PROBLEM REQUIREMENTS: In the entries that follow, how many lines include the string "outcome"? The answer is the number only.

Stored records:
┏━━

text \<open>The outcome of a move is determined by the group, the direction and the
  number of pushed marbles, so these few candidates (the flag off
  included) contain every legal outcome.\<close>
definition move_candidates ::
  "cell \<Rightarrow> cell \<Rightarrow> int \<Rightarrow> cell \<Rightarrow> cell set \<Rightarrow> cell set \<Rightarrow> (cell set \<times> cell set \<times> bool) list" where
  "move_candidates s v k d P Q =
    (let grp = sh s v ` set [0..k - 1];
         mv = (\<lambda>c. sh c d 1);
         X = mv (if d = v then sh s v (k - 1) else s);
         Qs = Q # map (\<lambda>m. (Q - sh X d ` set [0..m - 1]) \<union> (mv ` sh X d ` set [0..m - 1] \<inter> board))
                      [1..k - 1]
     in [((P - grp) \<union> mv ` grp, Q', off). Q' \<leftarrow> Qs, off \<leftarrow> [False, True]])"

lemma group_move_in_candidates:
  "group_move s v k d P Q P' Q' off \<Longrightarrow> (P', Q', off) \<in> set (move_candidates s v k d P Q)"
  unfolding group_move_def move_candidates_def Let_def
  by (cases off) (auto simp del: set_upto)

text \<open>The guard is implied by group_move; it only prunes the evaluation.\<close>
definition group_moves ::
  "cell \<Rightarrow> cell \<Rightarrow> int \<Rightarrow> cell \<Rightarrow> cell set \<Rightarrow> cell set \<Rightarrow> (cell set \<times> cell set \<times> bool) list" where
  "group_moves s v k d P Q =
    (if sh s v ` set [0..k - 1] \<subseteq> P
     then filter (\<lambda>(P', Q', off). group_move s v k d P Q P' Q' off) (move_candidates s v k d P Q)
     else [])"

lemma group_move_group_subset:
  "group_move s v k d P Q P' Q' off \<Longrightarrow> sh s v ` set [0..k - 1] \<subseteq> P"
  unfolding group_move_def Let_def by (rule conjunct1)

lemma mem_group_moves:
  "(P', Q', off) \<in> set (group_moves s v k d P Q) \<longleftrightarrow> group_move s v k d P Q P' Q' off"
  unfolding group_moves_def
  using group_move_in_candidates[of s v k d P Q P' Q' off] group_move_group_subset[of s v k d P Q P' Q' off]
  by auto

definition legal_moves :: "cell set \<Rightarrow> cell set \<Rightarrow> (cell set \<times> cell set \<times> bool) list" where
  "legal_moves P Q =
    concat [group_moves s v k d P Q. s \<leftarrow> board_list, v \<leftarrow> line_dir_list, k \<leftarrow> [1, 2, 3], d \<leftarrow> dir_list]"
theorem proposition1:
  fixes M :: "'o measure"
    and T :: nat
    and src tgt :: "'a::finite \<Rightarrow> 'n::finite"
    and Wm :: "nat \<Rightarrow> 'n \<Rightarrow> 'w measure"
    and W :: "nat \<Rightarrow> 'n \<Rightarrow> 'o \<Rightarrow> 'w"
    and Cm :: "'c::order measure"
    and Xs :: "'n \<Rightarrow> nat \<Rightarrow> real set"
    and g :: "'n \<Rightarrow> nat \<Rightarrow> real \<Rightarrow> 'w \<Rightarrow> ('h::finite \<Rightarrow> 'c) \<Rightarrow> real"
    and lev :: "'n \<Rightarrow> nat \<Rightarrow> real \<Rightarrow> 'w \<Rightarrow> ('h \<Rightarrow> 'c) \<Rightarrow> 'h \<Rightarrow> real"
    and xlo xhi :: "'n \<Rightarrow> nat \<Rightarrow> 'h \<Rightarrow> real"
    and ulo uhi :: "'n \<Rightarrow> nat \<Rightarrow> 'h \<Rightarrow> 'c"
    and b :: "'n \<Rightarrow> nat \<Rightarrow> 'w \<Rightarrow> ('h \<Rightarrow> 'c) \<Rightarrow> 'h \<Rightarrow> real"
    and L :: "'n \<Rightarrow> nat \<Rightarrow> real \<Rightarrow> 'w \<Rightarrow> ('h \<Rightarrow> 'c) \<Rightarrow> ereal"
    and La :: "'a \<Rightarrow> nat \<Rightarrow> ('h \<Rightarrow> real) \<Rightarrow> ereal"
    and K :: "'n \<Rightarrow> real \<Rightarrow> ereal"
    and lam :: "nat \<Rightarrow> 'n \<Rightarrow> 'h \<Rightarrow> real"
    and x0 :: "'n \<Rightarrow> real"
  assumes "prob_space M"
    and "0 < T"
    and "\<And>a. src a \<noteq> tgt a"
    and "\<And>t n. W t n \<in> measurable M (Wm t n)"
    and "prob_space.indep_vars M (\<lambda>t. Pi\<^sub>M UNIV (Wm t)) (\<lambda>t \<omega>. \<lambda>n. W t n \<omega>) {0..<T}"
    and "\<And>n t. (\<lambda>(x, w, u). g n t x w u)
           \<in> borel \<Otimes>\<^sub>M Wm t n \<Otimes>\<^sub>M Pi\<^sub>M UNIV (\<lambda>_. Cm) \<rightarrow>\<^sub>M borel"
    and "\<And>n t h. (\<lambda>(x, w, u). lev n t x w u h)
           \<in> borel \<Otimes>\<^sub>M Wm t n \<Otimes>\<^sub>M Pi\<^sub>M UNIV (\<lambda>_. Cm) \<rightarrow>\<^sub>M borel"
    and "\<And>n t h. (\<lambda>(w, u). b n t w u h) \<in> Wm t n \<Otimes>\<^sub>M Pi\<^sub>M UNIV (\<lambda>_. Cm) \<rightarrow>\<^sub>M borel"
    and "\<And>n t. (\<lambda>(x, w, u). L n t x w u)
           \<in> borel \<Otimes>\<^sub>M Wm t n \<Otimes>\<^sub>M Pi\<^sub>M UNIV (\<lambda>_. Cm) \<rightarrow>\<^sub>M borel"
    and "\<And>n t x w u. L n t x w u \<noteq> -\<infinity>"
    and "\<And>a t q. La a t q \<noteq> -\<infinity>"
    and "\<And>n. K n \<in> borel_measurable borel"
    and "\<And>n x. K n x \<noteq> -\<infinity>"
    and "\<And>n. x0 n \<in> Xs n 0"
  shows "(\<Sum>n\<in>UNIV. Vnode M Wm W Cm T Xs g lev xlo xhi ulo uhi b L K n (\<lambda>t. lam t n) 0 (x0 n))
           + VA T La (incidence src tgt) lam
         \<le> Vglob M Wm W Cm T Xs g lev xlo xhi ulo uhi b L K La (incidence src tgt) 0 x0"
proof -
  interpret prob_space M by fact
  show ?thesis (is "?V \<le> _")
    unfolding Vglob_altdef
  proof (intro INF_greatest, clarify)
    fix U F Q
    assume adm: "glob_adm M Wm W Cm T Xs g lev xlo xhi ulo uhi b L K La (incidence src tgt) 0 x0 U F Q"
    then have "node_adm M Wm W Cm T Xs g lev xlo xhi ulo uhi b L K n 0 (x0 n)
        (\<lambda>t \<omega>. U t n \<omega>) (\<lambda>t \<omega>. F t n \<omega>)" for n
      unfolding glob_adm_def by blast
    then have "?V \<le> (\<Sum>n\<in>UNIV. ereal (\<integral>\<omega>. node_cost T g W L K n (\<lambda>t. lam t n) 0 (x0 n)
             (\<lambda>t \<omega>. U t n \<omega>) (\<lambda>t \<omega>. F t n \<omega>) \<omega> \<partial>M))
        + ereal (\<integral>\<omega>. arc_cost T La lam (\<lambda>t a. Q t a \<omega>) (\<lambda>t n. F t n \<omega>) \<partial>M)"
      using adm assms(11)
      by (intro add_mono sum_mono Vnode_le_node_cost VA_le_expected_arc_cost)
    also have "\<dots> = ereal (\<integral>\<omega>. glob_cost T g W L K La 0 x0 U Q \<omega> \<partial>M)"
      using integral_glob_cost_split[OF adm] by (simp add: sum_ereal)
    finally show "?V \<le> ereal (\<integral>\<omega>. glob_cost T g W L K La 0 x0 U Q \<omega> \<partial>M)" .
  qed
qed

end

┗━━

RESULT: 2